### ACTION ITEM
Each line of the listing below containing the word "also" should be returned.

### ENTRIES SHOWN
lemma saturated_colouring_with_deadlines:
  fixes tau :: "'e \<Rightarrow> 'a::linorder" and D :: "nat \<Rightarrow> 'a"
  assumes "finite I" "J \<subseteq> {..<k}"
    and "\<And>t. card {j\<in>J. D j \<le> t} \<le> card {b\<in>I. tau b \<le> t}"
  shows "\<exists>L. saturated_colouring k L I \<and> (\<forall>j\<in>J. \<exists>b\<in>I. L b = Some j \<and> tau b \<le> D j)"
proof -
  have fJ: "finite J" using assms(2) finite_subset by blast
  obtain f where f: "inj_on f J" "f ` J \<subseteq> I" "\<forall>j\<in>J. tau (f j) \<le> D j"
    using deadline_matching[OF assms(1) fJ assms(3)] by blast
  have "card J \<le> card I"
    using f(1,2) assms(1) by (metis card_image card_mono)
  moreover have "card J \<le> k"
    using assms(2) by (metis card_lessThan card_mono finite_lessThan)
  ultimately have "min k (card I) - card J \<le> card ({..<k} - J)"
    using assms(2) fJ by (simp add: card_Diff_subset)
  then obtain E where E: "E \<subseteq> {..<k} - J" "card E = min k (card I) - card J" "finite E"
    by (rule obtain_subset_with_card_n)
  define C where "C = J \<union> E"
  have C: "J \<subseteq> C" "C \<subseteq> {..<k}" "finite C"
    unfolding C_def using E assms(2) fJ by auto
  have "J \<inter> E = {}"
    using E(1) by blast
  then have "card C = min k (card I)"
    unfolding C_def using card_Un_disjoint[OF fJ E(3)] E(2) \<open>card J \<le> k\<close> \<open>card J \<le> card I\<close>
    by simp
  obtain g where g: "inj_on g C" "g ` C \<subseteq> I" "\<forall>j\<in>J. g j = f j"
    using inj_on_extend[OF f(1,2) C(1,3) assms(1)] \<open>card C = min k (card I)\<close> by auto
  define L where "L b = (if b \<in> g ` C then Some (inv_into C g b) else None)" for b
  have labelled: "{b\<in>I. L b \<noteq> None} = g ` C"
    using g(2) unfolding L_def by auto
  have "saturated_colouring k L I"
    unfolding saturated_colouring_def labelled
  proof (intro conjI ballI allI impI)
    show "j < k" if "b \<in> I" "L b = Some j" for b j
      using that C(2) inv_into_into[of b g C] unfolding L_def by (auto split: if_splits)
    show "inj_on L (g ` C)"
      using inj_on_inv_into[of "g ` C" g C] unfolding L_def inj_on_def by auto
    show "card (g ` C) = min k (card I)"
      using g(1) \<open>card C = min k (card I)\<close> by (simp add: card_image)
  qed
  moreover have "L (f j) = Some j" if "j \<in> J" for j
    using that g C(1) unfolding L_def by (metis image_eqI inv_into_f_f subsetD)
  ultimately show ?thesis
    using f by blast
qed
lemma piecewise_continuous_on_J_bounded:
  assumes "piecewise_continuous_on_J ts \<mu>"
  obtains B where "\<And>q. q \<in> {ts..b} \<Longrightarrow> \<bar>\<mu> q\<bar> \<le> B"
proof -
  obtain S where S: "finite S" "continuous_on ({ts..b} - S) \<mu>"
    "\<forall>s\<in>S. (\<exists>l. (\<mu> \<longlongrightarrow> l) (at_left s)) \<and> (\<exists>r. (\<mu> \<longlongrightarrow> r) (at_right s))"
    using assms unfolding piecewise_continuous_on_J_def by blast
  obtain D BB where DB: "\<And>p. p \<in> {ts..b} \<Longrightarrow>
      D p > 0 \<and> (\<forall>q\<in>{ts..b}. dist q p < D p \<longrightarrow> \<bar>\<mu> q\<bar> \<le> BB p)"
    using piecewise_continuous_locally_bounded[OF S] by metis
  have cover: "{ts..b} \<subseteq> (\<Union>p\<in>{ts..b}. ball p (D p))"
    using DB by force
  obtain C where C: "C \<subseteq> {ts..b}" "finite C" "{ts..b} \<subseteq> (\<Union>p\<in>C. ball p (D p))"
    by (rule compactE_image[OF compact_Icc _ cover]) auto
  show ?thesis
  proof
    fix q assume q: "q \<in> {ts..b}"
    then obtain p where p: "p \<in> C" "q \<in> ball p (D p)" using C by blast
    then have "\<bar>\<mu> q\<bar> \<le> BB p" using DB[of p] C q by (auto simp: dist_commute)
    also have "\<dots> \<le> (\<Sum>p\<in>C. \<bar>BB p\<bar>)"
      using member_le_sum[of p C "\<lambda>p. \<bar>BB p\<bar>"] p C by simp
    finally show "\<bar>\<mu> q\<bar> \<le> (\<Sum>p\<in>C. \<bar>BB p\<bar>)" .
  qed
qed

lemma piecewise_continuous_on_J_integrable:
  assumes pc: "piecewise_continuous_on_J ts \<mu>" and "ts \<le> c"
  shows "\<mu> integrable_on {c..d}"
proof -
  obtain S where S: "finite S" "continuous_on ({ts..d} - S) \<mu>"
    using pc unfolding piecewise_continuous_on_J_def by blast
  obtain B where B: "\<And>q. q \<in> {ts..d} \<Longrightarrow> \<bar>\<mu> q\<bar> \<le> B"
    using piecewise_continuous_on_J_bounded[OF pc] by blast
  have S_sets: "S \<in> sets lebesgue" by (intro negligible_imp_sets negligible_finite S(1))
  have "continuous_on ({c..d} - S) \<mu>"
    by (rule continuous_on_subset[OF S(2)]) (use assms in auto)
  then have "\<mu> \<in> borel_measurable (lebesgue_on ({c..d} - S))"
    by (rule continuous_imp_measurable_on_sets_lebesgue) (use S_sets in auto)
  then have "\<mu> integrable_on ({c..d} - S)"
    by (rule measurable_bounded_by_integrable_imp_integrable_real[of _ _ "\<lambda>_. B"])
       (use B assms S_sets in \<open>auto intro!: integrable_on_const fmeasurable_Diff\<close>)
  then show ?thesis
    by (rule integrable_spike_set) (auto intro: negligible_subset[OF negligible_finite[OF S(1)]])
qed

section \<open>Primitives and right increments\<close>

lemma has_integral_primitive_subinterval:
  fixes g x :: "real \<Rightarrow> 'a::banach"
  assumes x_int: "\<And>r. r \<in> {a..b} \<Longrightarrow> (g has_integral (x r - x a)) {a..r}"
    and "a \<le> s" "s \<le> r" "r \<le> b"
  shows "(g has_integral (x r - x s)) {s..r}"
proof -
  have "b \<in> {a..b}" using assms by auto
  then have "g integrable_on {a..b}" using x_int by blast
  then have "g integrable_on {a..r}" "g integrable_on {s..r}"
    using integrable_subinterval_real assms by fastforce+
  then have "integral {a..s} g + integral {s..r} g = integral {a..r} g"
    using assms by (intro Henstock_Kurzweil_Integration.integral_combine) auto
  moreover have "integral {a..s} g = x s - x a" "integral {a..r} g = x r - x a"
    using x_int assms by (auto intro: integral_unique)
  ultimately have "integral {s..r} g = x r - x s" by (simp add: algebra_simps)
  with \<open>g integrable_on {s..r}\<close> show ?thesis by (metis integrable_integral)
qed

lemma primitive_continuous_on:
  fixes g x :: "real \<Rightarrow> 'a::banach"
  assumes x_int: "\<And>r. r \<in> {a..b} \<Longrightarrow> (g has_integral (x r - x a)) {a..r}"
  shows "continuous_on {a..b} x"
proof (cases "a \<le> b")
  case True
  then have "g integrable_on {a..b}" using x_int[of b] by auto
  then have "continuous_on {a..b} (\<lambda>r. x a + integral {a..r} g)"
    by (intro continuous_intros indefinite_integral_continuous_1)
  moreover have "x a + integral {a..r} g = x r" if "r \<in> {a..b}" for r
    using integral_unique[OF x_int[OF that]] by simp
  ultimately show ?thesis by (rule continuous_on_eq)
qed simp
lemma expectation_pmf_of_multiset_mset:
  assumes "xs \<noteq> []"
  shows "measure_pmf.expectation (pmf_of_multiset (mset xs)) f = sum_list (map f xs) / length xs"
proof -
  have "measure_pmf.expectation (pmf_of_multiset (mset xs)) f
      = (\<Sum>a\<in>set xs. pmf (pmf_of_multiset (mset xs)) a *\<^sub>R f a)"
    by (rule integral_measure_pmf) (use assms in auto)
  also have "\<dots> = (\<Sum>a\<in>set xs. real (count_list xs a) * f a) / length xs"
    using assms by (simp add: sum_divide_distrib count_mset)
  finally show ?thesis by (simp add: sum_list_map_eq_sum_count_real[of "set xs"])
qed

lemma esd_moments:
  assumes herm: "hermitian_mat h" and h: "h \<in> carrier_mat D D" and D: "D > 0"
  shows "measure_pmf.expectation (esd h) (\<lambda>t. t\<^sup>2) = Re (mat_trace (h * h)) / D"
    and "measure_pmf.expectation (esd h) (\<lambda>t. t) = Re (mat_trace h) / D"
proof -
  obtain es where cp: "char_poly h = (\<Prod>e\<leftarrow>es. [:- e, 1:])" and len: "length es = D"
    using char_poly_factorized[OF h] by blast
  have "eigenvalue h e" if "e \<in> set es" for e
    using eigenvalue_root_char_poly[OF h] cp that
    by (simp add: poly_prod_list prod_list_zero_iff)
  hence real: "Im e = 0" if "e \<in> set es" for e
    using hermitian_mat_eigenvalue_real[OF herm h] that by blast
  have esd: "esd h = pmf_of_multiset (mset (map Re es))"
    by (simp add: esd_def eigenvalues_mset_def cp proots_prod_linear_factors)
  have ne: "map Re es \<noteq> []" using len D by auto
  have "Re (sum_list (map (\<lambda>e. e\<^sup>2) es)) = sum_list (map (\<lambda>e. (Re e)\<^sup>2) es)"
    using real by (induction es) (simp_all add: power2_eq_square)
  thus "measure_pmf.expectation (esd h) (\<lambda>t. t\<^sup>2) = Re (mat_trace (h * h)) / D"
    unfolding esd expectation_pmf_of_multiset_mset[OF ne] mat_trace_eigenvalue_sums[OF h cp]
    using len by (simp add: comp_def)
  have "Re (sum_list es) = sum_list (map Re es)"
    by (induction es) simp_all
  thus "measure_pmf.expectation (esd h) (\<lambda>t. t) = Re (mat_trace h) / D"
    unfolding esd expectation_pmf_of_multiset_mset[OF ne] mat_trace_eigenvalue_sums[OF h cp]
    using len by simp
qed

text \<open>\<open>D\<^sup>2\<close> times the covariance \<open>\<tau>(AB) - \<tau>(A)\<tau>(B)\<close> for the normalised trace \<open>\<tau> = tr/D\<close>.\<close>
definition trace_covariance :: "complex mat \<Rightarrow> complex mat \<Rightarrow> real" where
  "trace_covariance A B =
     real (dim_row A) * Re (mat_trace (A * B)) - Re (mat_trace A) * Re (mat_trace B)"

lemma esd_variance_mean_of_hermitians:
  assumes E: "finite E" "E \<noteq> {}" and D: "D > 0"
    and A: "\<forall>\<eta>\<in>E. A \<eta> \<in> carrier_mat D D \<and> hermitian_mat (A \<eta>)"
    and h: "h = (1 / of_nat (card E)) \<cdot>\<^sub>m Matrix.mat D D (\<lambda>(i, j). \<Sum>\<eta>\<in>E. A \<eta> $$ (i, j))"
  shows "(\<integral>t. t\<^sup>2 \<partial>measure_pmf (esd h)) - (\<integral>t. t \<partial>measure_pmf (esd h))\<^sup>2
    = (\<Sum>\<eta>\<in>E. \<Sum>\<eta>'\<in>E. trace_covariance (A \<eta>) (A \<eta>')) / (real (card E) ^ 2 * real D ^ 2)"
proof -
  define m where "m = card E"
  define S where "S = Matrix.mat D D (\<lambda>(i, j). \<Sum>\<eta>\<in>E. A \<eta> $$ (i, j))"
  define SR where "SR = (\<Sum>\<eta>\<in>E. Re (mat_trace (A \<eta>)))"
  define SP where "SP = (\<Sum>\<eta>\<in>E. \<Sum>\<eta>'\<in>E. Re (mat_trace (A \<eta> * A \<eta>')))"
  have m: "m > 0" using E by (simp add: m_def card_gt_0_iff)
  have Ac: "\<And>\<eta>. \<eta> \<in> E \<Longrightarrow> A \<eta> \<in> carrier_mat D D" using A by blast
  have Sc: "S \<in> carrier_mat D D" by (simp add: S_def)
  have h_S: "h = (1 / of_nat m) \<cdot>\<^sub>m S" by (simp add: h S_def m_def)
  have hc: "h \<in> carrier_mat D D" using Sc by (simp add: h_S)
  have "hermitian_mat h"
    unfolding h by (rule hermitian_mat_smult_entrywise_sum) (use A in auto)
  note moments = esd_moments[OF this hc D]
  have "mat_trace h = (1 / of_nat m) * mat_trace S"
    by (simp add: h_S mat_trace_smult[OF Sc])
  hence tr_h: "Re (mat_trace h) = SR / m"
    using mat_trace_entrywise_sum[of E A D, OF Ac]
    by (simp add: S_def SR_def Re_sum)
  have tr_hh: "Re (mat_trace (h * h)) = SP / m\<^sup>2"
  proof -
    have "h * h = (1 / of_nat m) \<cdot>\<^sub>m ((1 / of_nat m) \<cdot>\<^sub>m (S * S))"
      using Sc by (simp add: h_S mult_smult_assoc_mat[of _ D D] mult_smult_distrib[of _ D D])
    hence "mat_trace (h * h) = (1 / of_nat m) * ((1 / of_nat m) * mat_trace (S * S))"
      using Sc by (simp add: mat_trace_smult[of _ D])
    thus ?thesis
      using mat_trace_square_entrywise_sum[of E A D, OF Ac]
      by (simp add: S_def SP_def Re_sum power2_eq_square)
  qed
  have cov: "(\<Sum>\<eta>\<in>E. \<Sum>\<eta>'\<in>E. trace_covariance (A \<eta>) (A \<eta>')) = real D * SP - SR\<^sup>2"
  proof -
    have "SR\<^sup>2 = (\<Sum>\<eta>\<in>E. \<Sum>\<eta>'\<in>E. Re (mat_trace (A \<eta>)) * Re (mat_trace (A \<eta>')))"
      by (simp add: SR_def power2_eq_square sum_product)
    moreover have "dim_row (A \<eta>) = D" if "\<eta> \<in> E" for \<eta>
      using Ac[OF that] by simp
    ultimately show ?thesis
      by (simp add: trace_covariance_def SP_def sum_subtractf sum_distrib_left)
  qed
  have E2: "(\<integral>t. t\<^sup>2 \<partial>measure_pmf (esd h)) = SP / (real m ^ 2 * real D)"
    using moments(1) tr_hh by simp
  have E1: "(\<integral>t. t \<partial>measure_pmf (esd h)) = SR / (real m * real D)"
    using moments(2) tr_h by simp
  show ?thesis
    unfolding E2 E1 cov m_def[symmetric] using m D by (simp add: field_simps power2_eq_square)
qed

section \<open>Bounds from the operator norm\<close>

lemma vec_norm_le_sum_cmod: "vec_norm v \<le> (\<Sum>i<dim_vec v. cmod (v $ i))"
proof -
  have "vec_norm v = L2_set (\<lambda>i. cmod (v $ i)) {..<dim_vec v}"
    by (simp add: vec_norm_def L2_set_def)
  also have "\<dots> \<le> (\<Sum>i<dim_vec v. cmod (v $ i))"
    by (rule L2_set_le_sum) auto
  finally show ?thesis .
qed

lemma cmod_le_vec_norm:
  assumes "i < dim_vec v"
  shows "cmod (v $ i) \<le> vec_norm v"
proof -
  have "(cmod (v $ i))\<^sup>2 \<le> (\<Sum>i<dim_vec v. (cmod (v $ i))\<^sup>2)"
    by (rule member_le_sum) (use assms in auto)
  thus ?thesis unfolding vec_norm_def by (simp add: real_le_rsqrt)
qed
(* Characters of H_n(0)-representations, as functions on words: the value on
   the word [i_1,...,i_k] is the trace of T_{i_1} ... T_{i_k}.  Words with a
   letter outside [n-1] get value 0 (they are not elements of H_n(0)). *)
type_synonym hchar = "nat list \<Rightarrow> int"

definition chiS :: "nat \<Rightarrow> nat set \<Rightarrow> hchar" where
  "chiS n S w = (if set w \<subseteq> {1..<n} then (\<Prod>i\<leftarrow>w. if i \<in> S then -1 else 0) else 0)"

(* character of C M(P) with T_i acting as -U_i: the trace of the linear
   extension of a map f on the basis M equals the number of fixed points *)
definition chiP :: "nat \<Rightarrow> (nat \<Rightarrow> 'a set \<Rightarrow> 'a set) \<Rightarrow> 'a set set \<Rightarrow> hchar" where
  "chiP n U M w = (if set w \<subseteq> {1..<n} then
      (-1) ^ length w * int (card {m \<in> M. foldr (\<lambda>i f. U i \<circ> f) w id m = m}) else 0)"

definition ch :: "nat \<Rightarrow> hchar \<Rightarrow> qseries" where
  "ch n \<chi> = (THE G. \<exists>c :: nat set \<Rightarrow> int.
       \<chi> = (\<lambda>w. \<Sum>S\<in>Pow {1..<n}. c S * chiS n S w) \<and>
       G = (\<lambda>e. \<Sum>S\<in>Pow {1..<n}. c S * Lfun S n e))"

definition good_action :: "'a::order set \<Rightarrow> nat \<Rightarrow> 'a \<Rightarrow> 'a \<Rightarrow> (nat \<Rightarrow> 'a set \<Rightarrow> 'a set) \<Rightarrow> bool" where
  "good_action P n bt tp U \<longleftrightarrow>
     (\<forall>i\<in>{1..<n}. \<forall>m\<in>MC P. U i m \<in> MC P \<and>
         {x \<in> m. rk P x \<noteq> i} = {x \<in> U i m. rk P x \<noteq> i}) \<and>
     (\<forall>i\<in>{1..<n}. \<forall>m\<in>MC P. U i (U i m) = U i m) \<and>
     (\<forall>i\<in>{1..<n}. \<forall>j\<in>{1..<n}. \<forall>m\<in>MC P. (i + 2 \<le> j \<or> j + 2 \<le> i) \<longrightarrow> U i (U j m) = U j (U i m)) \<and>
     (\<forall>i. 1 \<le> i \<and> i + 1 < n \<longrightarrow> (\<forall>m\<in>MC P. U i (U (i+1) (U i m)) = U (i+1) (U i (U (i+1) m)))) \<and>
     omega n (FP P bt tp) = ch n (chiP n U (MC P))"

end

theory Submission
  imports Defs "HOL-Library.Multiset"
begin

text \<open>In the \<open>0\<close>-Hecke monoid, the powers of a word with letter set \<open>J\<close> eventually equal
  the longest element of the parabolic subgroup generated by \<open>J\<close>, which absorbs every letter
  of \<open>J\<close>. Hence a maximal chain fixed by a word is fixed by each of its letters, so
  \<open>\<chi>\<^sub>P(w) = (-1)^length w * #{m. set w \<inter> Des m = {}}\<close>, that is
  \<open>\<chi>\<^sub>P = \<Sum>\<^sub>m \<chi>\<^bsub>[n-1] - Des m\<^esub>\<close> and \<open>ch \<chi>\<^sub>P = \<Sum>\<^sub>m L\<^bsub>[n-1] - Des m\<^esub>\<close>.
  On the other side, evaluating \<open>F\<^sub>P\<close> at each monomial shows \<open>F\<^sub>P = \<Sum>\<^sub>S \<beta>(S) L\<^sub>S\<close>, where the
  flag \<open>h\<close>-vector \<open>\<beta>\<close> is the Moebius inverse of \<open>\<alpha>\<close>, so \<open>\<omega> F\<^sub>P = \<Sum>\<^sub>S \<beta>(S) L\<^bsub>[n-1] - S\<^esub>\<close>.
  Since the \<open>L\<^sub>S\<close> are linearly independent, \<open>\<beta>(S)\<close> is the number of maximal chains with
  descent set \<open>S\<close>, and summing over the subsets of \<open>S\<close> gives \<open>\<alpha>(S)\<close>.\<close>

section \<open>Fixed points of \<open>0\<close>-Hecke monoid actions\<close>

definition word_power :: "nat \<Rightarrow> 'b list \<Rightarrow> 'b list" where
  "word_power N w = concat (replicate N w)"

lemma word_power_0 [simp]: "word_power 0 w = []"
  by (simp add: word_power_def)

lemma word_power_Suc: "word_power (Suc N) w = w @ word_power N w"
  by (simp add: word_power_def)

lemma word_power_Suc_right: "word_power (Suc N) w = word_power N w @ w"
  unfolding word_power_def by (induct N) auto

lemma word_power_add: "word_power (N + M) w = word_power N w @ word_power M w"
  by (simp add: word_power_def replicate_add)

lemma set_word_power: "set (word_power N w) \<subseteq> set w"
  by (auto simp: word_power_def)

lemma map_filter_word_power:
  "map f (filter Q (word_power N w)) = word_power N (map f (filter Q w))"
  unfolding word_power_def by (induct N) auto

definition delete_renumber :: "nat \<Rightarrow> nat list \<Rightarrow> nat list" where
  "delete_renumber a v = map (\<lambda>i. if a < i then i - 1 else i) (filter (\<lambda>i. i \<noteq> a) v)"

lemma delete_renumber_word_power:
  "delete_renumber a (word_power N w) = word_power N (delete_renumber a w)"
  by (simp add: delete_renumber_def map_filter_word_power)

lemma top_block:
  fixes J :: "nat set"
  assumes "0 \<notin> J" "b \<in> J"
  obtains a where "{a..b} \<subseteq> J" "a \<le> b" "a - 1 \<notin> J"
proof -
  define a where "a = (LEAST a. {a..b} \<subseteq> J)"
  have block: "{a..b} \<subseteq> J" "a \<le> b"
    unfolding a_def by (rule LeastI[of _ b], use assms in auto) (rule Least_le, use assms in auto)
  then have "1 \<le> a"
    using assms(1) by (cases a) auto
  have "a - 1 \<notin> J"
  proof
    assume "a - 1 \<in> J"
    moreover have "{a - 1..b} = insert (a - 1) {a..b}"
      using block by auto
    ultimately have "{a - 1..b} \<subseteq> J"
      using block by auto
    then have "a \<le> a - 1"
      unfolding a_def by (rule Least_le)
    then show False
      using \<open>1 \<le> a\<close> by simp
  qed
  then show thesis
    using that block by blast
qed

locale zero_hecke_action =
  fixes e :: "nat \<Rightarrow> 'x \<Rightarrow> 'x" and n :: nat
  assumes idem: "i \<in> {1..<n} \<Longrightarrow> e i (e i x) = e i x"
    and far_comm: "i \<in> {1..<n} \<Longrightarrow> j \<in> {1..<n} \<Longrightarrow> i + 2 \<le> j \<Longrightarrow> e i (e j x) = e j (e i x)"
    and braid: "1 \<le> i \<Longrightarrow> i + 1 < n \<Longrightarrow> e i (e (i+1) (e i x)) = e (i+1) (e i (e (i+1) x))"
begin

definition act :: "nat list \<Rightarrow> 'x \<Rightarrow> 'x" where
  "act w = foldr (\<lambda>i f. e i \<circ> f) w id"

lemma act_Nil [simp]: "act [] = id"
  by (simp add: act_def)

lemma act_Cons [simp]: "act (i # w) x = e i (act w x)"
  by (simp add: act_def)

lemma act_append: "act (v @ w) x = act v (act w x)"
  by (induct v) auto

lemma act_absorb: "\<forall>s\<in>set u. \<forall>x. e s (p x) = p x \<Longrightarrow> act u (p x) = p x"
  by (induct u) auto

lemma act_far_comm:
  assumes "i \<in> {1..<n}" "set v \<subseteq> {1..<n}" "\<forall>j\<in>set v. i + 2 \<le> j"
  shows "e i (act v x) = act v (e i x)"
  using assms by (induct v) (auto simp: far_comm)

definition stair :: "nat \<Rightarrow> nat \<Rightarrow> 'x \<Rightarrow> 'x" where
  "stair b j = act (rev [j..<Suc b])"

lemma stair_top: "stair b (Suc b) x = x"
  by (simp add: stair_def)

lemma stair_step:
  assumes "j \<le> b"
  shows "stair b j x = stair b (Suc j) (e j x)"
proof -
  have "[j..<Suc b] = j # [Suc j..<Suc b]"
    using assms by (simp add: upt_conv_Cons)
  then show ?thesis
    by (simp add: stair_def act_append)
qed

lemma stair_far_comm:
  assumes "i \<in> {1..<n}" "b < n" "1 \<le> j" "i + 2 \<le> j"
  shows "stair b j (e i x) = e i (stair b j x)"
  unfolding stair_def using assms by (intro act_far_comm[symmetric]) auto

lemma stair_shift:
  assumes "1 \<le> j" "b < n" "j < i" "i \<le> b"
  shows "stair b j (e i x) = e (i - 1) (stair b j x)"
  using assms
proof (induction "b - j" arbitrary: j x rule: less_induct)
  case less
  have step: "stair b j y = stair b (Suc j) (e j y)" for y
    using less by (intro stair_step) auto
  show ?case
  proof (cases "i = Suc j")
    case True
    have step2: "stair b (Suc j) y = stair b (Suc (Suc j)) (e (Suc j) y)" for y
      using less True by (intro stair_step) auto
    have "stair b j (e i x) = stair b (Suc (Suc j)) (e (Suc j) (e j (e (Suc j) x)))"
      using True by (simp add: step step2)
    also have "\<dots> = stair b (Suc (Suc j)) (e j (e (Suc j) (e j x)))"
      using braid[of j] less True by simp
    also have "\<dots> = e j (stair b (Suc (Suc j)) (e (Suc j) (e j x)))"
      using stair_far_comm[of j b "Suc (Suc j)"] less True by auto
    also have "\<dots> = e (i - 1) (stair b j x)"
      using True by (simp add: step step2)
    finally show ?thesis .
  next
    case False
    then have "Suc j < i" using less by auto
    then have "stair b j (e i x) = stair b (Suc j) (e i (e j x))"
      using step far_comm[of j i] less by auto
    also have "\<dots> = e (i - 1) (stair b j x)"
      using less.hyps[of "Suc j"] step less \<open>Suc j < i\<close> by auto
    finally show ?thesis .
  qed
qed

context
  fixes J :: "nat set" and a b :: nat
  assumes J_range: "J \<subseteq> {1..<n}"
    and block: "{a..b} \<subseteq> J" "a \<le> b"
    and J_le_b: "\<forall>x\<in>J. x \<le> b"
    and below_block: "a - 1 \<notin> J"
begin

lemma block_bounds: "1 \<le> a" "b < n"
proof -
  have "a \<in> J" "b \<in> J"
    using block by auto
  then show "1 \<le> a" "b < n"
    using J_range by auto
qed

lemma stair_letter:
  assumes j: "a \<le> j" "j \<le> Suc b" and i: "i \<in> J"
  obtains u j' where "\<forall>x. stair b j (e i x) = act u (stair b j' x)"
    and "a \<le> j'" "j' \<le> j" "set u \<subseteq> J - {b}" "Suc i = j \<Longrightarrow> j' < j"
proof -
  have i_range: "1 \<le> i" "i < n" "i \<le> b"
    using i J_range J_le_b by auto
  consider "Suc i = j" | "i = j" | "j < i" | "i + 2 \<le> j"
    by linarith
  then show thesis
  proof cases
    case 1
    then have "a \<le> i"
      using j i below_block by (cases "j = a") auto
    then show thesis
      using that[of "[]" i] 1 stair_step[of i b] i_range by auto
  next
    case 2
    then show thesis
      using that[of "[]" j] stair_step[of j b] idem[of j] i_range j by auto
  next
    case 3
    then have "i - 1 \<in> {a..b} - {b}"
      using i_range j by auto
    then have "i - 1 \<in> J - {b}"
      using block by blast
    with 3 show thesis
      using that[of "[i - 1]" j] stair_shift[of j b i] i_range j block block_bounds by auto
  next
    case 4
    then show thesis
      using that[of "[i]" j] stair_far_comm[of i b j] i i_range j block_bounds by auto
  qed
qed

### TASK RESULT
    also have "\<dots> \<le> (\<Sum>p\<in>C. \<bar>BB p\<bar>)"
  also have "\<dots> = (\<Sum>a\<in>set xs. real (count_list xs a) * f a) / length xs"
  also have "\<dots> \<le> (\<Sum>i<dim_vec v. cmod (v $ i))"
    also have "\<dots> = stair b (Suc (Suc j)) (e j (e (Suc j) (e j x)))"
    also have "\<dots> = e j (stair b (Suc (Suc j)) (e (Suc j) (e j x)))"
    also have "\<dots> = e (i - 1) (stair b j x)"
    also have "\<dots> = e (i - 1) (stair b j x)"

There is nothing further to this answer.